Final answer:
The expressions equivalent to 3^12 • 7^9 are option C) 7^3 • (3^-4)^-3 • 7^6 and option E) 3^20 • (7^3)^3 • (3^4)^-2, utilizing the rules of exponents.
Step-by-step explanation:
We are tasked with finding which expression is equivalent to 3^12 • 7^9. Let's analyze the given options one by one:
- A) 3^3 • 3^4 • 4^9: This option cannot be correct because it introduces a base of 4, which does not appear in the original expression.

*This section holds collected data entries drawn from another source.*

(* Let $\boldsymbol{b} = (b_n)_{n \geq 0}$ and $\boldsymbol{\lambda} = (\lambda_n)_{n \geq 0}$ be sequences of positive integers, and let \[ \xi(\boldsymbol{b}, \boldsymbol{\lambda}) = [0, \overline{b_0}^{\lambda_0}, \overline{b_1}^{\lambda_1}, \overline{b_2}^{\lambda_2}, \ldots] \] be the real number whose continued fraction expansion has $0$ as integer part, followed by $\lambda_0$ partial quotients equal to $b_0$, then $\lambda_1$ partial quotients equal to $b_1$, and so on. Assume that \[ \lim_{n \to \infty} b_n = \lim_{n \to \infty} \lambda_n = \lim_{n \to \infty} \frac{\log b_{n+1}}{\sum_{k=0}^{n} \lambda_k \log b_k} = +\infty. \] Then $\xi(\boldsymbol{b}, \boldsymbol{\lambda})$ is a Liouville number, and \[ w_{=2}(\xi(\boldsymbol{b}, \boldsymbol{\lambda})) = w_{=2}^{*}(\xi(\boldsymbol{b}, \boldsymbol{\lambda})) = +\infty. \]
   Context: For a polynomial $P \in \mathbb{Z}[X]$, $H(P)$ denotes the maximum of the absolute values of its coefficients. For a real algebraic number $\alpha$, $H(\alpha) = H(P)$, where $P$ is the minimal polynomial of $\alpha$ over $\mathbb{Z}$. Let $\xi$ be real and $n \geq 1$ an integer. $w_1(\xi)$ is the supremum of the real numbers $w$ such that, for arbitrarily large $H$, there is a polynomial $P \in \mathbb{Z}[X]$ of degree at most $1$ with $H(P) \leq H$ and $0 < |P(\xi)| \leq H^{-w}$. A real number $\xi$ is a Liouville number if $w_1(\xi) = +\infty$. $w_{=n}(\xi)$ is the supremum of the real numbers $w$ such that, for arbitrarily large $H$, there is an irreducible polynomial $P \in \mathbb{Z}[X]$ of degree exactly $n$ with $H(P) \leq H$ and $0 < |P(\xi)| \leq H^{-w}$. $w_{=n}^{*}(\xi)$ is the supremum of the real numbers $w^{*}$ such that, for arbitrarily large $H$, there is a real algebraic number $\alpha$ of degree exactly $n$ with $H(\alpha) \leq H$ and $0 < |\xi - \alpha| \leq H(\alpha)^{-1} H^{-w^{*}}$. The notation $\overline{a}^{\lambda}$ inside a continued fraction means that the letter $a$ is repeated $\lambda$ times. *)

theory Defs
  imports Complex_Main "HOL-Computational_Algebra.Polynomial"
    "HOL-Computational_Algebra.Polynomial_Factorial" "HOL-Library.Extended_Real"
begin

definition height :: "int poly \<Rightarrow> int" where
  "height P = Max ((\<lambda>i. \<bar>coeff P i\<bar>) ` {..degree P})"

fun fin_cf :: "(nat \<Rightarrow> nat) \<Rightarrow> nat \<Rightarrow> nat \<Rightarrow> real" where
  "fin_cf a k 0 = real (a k)"
| "fin_cf a k (Suc n) = real (a k) + 1 / fin_cf a (Suc k) n"

definition cf_value :: "(nat \<Rightarrow> nat) \<Rightarrow> real" where
  "cf_value a = lim (\<lambda>n. fin_cf a 0 n)"

(* Partial quotients of [0, b_0 (lambda_0 times), b_1 (lambda_1 times), ...] *)
definition block_quotients :: "(nat \<Rightarrow> nat) \<Rightarrow> (nat \<Rightarrow> nat) \<Rightarrow> nat \<Rightarrow> nat" where
  "block_quotients b l m =
     (if m = 0 then 0 else b (LEAST j. m \<le> (\<Sum>k\<le>j. l k)))"

definition xi_bl :: "(nat \<Rightarrow> nat) \<Rightarrow> (nat \<Rightarrow> nat) \<Rightarrow> real" where
  "xi_bl b l = cf_value (block_quotients b l)"

definition w1 :: "real \<Rightarrow> ereal" where
  "w1 \<xi> = Sup {ereal w | w. \<forall>H0. \<exists>H::real. H > H0 \<and>
      (\<exists>P::int poly. degree P \<le> 1 \<and> real_of_int (height P) \<le> H \<and>
          0 < \<bar>poly (map_poly real_of_int P) \<xi>\<bar> \<and> \<bar>poly (map_poly real_of_int P) \<xi>\<bar> \<le> H powr (-w))}"

definition liouville :: "real \<Rightarrow> bool" where
  "liouville \<xi> \<longleftrightarrow> w1 \<xi> = \<infinity>"

definition w_eq :: "nat \<Rightarrow> real \<Rightarrow> ereal" where
  "w_eq n \<xi> = Sup {ereal w | w. \<forall>H0. \<exists>H::real. H > H0 \<and>
      (\<exists>P::int poly. irreducible P \<and> degree P = n \<and> real_of_int (height P) \<le> H \<and>
          0 < \<bar>poly (map_poly real_of_int P) \<xi>\<bar> \<and> \<bar>poly (map_poly real_of_int P) \<xi>\<bar> \<le> H powr (-w))}"

(* minimal polynomial over Z: irreducible integer polynomial vanishing at alpha;
   it is unique up to sign, so its height and degree are well defined *)
definition is_min_poly_Z :: "int poly \<Rightarrow> real \<Rightarrow> bool" where
  "is_min_poly_Z P \<alpha> \<longleftrightarrow> irreducible P \<and> degree P \<ge> 1 \<and> poly (map_poly real_of_int P) \<alpha> = 0"

definition w_star_eq :: "nat \<Rightarrow> real \<Rightarrow> ereal" where
  "w_star_eq n \<xi> = Sup {ereal w | w. \<forall>H0. \<exists>H::real. H > H0 \<and>
      (\<exists>\<alpha>::real. \<exists>P::int poly. is_min_poly_Z P \<alpha> \<and> degree P = n \<and>
          real_of_int (height P) \<le> H \<and>
          0 < \<bar>\<xi> - \<alpha>\<bar> \<and> \<bar>\<xi> - \<alpha>\<bar> \<le> (1 / real_of_int (height P)) * H powr (-w))}"

end

theory Submission
  imports Defs
begin

text \<open>Let \<open>R_j = \<Prod>_{i<j} (b_i + 1)^l_i\<close>; it bounds the convergents \<open>p/q\<close> of \<open>\<xi>\<close> that end
  just before the \<open>j\<close>-th block. Such a convergent satisfies \<open>0 < |q \<xi> - p| \<le> 1/b_j\<close>, and the
  growth hypothesis makes \<open>b_j\<close> exceed every power of \<open>R_j\<close>, so \<open>\<xi>\<close> is a Liouville number.
  Replacing the tail of \<open>\<xi>\<close> from the \<open>j\<close>-th block on by the purely periodic \<open>[b_j; b_j, ...]\<close>,
  i.e. by the metallic mean \<open>\<beta>\<close> of \<open>b_j\<close>, gives the quadratic irrational
  \<open>\<alpha> = (p \<beta> + p') / (q \<beta> + q')\<close>. It shares the next \<open>l_j\<close> partial quotients with \<open>\<xi>\<close>, so
  \<open>|\<xi> - \<alpha>| \<le> b_j^(-2 l_j)\<close>, while its minimal polynomial \<open>P\<close> has height \<open>O(b_j R_j\<^sup>2)\<close> and
  \<open>|P(\<xi>)| \<le> 5 H(P) |\<xi> - \<alpha>|\<close>. As \<open>l_j \<rightarrow> \<infinity>\<close> too, this beats every power of the height.\<close>

section \<open>Continued fractions\<close>

definition pos_quotients :: "(nat \<Rightarrow> nat) \<Rightarrow> bool" where
  "pos_quotients a \<longleftrightarrow> (\<forall>k\<ge>1. a k \<ge> 1)"

text \<open>Convergents with the index shifted by one: \<open>cf_num a (Suc n) / cf_den a (Suc n)\<close> is
  \<open>[a 0; a 1, ..., a n]\<close>, and index 0 holds \<open>p\<^sub>-\<^sub>1 = 1\<close>, \<open>q\<^sub>-\<^sub>1 = 0\<close>. For \<open>x > 0\<close>,
  \<open>cf_mobius a n x\<close> is the value of \<open>[a 0; a 1, ..., a n, x]\<close>.\<close>

fun cf_num :: "(nat \<Rightarrow> nat) \<Rightarrow> nat \<Rightarrow> nat" where
  "cf_num a 0 = 1"
| "cf_num a (Suc 0) = a 0"
| "cf_num a (Suc (Suc n)) = a (Suc n) * cf_num a (Suc n) + cf_num a n"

- B) (3^3)^9 • (7^3)^6: Applying the rule of exponents, when you raise a power to a power, you multiply the exponents. Hence, (3^3)^9 becomes 3^(3×9)=3^27, and (7^3)^6 becomes 7^(3×6)=7^18, which is not the original expression 3^12 • 7^9.
- C) 7^3 • (3^-4)^-3 • 7^6: Again using the rule of exponents, (3^-4)^-3 becomes 3^12 and 7^3 • 7^6 simplifies to 7^9. This matches the original expression 3^12 • 7^9, so this option is correct.

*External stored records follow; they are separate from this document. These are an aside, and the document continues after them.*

lemma down_up_coeff_identity:
  assumes "0 \<le> y"
  shows "down_coeff y * ((y - real m) * (- 2 * real m - 2)) + up_coeff y * ((y + real m + 1) * (2 * real m + 2))
    = (real m + 1) * (y - real m) * (y + real m + 1) + newton_beta (Suc m)"
proof -
  have "down_coeff y * ((y - real m) * (- 2 * real m - 2)) + up_coeff y * ((y + real m + 1) * (2 * real m + 2))
      = ((r - y) * (y + real d + 1) * ((y - real m) * (- 2 * real m - 2))
        + - (real d - y) * (y + r + 1) * ((y + real m + 1) * (2 * real m + 2))) / (2 * (2 * y + 1))"
    by (simp add: down_coeff_def up_coeff_def add_divide_distrib)
  also have "(r - y) * (y + real d + 1) * ((y - real m) * (- 2 * real m - 2))
        + - (real d - y) * (y + r + 1) * ((y + real m + 1) * (2 * real m + 2))
      = (2 * (2 * y + 1)) * ((real m + 1) * (y - real m) * (y + real m + 1) + newton_beta (Suc m))"
    by (simp add: newton_beta_def algebra_simps)
  finally show ?thesis
    using assms by simp
qed

lemma Lstar_newton_poly_0: "Lstar r s d (newton_poly 0) = 0"
  unfolding Lstar_eq_tridiag_apply interp_eq_lagrange_interp
  using tridiag_apply_Lstar_difference_form[of _ "newton_poly 0"]
  by (intro lagrange_interp_eqI) (simp_all add: newton_poly_def)

lemma Lstar_newton_poly_Suc:
  assumes "Suc m \<le> d"
  shows "Lstar r s d (newton_poly (Suc m))
    = smult (real (Suc m)) (newton_poly (Suc m)) + smult (newton_beta (Suc m)) (newton_poly m)"
  unfolding Lstar_eq_tridiag_apply interp_eq_lagrange_interp
proof (rule lagrange_interp_eqI)
  show "degree (smult (real (Suc m)) (newton_poly (Suc m)) + smult (newton_beta (Suc m)) (newton_poly m)) \<le> d"
    using assms by (intro degree_add_le) (auto intro: order_trans[OF degree_smult_le] simp: monic_newton_poly)
  fix i assume "i \<le> d"
  define y where "y = real d - real i"
  have "0 \<le> y"
    using \<open>i \<le> d\<close> by (simp add: y_def)
  have "tridiag_apply (bstar r s d) (astar r s d) (cstar r s d) d
      (\<lambda>i. poly (newton_poly (Suc m)) (theta r s d i)) i
      = down_coeff y * (newton_prod (Suc m) (y - 1) - newton_prod (Suc m) y)
        + up_coeff y * (newton_prod (Suc m) (y + 1) - newton_prod (Suc m) y)"
    using \<open>i \<le> d\<close> by (simp only: tridiag_apply_Lstar_difference_form poly_newton_poly y_def)
  also have "\<dots> = newton_prod m y * (down_coeff y * ((y - real m) * (- 2 * real m - 2))
      + up_coeff y * ((y + real m + 1) * (2 * real m + 2)))"
    unfolding newton_prod_Suc_shift_down newton_prod_Suc_shift_up newton_prod_Suc[of m y]
    by (simp add: algebra_simps)
  also have "\<dots> = newton_prod m y * ((real m + 1) * (y - real m) * (y + real m + 1) + newton_beta (Suc m))"
    by (simp only: down_up_coeff_identity[OF \<open>0 \<le> y\<close>])
  also have "\<dots> = real (Suc m) * newton_prod (Suc m) y + newton_beta (Suc m) * newton_prod m y"
    by (simp add: newton_prod_Suc algebra_simps)
  also have "\<dots> = poly (smult (real (Suc m)) (newton_poly (Suc m)) + smult (newton_beta (Suc m)) (newton_poly m))
      (theta r s d i)"
    by (simp add: theta_eq poly_newton_poly y_def)
  finally show "tridiag_apply (bstar r s d) (astar r s d) (cstar r s d) d
      (\<lambda>i. poly (newton_poly (Suc m)) (theta r s d i)) i
    = poly (smult (real (Suc m)) (newton_poly (Suc m)) + smult (newton_beta (Suc m)) (newton_poly m))
      (theta r s d i)" .
qed

definition eigenpoly :: "nat \<Rightarrow> real poly" where
  "eigenpoly = bidiagonal_eigenvector newton_poly newton_beta"

lemma Lstar_eigenpoly: "j \<le> d \<Longrightarrow> Lstar r s d (eigenpoly j) = smult (real j) (eigenpoly j)"
  unfolding eigenpoly_def
  by (intro bidiagonal_eigenvector_eigen Lstar_add Lstar_smult Lstar_newton_poly_0 Lstar_newton_poly_Suc)
    auto

lemma monic_eigenpoly: "degree (eigenpoly j) = j" "lead_coeff (eigenpoly j) = 1"
  unfolding eigenpoly_def by (intro monic_bidiagonal_eigenvector monic_newton_poly)+

definition weight :: "nat \<Rightarrow> real" where
  "weight = symmetrizing_weight (bstar r s d) (cstar r s d)"

lemma cstar_Suc_neq_0: "i < d \<Longrightarrow> cstar r s d (Suc i) \<noteq> 0"
  using cstar_neg[of "Suc i"] by simp

lemma weight_pos: "i \<le> d \<Longrightarrow> 0 < weight i"
  unfolding weight_def
  by (rule symmetrizing_weight_pos, rule mult_neg_neg) (simp_all add: bstar_neg cstar_neg)

sublocale discrete_inner_product "theta r s d" d weight
  by unfold_locales (rule weight_pos)

lemma inner_Lstar_commute: "inner (Lstar r s d f) g = inner f (Lstar r s d g)"
proof -
  let ?T = "tridiag_apply (bstar r s d) (astar r s d) (cstar r s d) d"
  have "inner (Lstar r s d f) g = (\<Sum>i\<le>d. weight i * ?T (\<lambda>i. poly f (theta r s d i)) i * poly g (theta r s d i))"
    unfolding inner_def by (intro sum.cong refl) (simp add: poly_Lstar)
  also have "\<dots> = (\<Sum>i\<le>d. weight i * poly f (theta r s d i) * ?T (\<lambda>i. poly g (theta r s d i)) i)"
    unfolding weight_def by (intro tridiag_apply_symmetric cstar_Suc_neq_0)
  also have "\<dots> = inner f (Lstar r s d g)"
    unfolding inner_def by (intro sum.cong refl) (simp add: poly_Lstar)
  finally show ?thesis .
qed

lemma inner_eigenpoly_eq_0:
  assumes "i \<le> d" "j \<le> d" "i \<noteq> j"
  shows "inner (eigenpoly i) (eigenpoly j) = 0"
proof -
  have "real i * inner (eigenpoly i) (eigenpoly j) = real j * inner (eigenpoly i) (eigenpoly j)"
    using inner_Lstar_commute[of "eigenpoly i" "eigenpoly j"] assms
    by (simp add: Lstar_eigenpoly inner_smult_left inner_commute[of "eigenpoly i"])
  then show ?thesis
    using assms(3) by simp
qed

sublocale monic_orthogonal_family "theta r s d" d weight eigenpoly
  using monic_eigenpoly inner_eigenpoly_eq_0 by unfold_locales auto

lemma Lstar_shifted_twice_eigenpoly:
  assumes "j \<le> d"
  shows "Lstar_shifted (Lstar_shifted (eigenpoly j))
    = smult ((real j + (r - real d) / 2) ^ 2) (eigenpoly j)"
proof -
  have eigen: "Lstar_shifted (eigenpoly j) = smult (real j + (r - real d) / 2) (eigenpoly j)"
    using assms by (simp add: Lstar_shifted_def Lstar_eigenpoly smult_add_left)
  have "Lstar_shifted (smult c f) = smult c (Lstar_shifted f)" for c f
    by (simp add: Lstar_shifted_def Lstar_smult smult_add_right mult.commute)
  then show ?thesis
    by (simp add: eigen power2_eq_square)
qed

lemma tridiagonal_diagonal_eigenpoly:
  shows "diagonal_mat (Suc d) (\<lambda>i j. fourier_coeff i ((Lstar_shifted \<circ> Lstar_shifted) (eigenpoly j)))"
    and "irred_tridiagonal_mat (Suc d) (\<lambda>i j. fourier_coeff i (Lmap r s d (eigenpoly j)))"
proof -
  show "diagonal_mat (Suc d) (\<lambda>i j. fourier_coeff i ((Lstar_shifted \<circ> Lstar_shifted) (eigenpoly j)))"
    unfolding diagonal_mat_def
  proof (intro allI impI)
    fix i j assume "i < Suc d" "j < Suc d" "i \<noteq> j"
    then show "fourier_coeff i ((Lstar_shifted \<circ> Lstar_shifted) (eigenpoly j)) = 0"
      by (simp add: Lstar_shifted_twice_eigenpoly fourier_coeff_def inner_smult_left orthogonal_family)
  qed
  show "irred_tridiagonal_mat (Suc d) (\<lambda>i j. fourier_coeff i (Lmap r s d (eigenpoly j)))"
    by (rule irred_tridiagonal_multiplication) (rule poly_Lmap)
qed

- D) (3^3 + 3^9) • (7^6 + 7^3): This option introduces addition and doesn't match the multiplication of exponents in the original expression.
- E) 3^20 • (7^3)^3 • (3^4)^-2: This expression simplifies to 3^20 • 7^9 • 3^-8, which eventually simplifies to 3^12 • 7^9. Thus, this option is also correct.
Hence, the equivalent expressions to 3^12 • 7^9 are C) 7^3 • (3^-4)^-3 • 7^6 and E) 3^20 • (7^3)^3 • (3^4)^-2.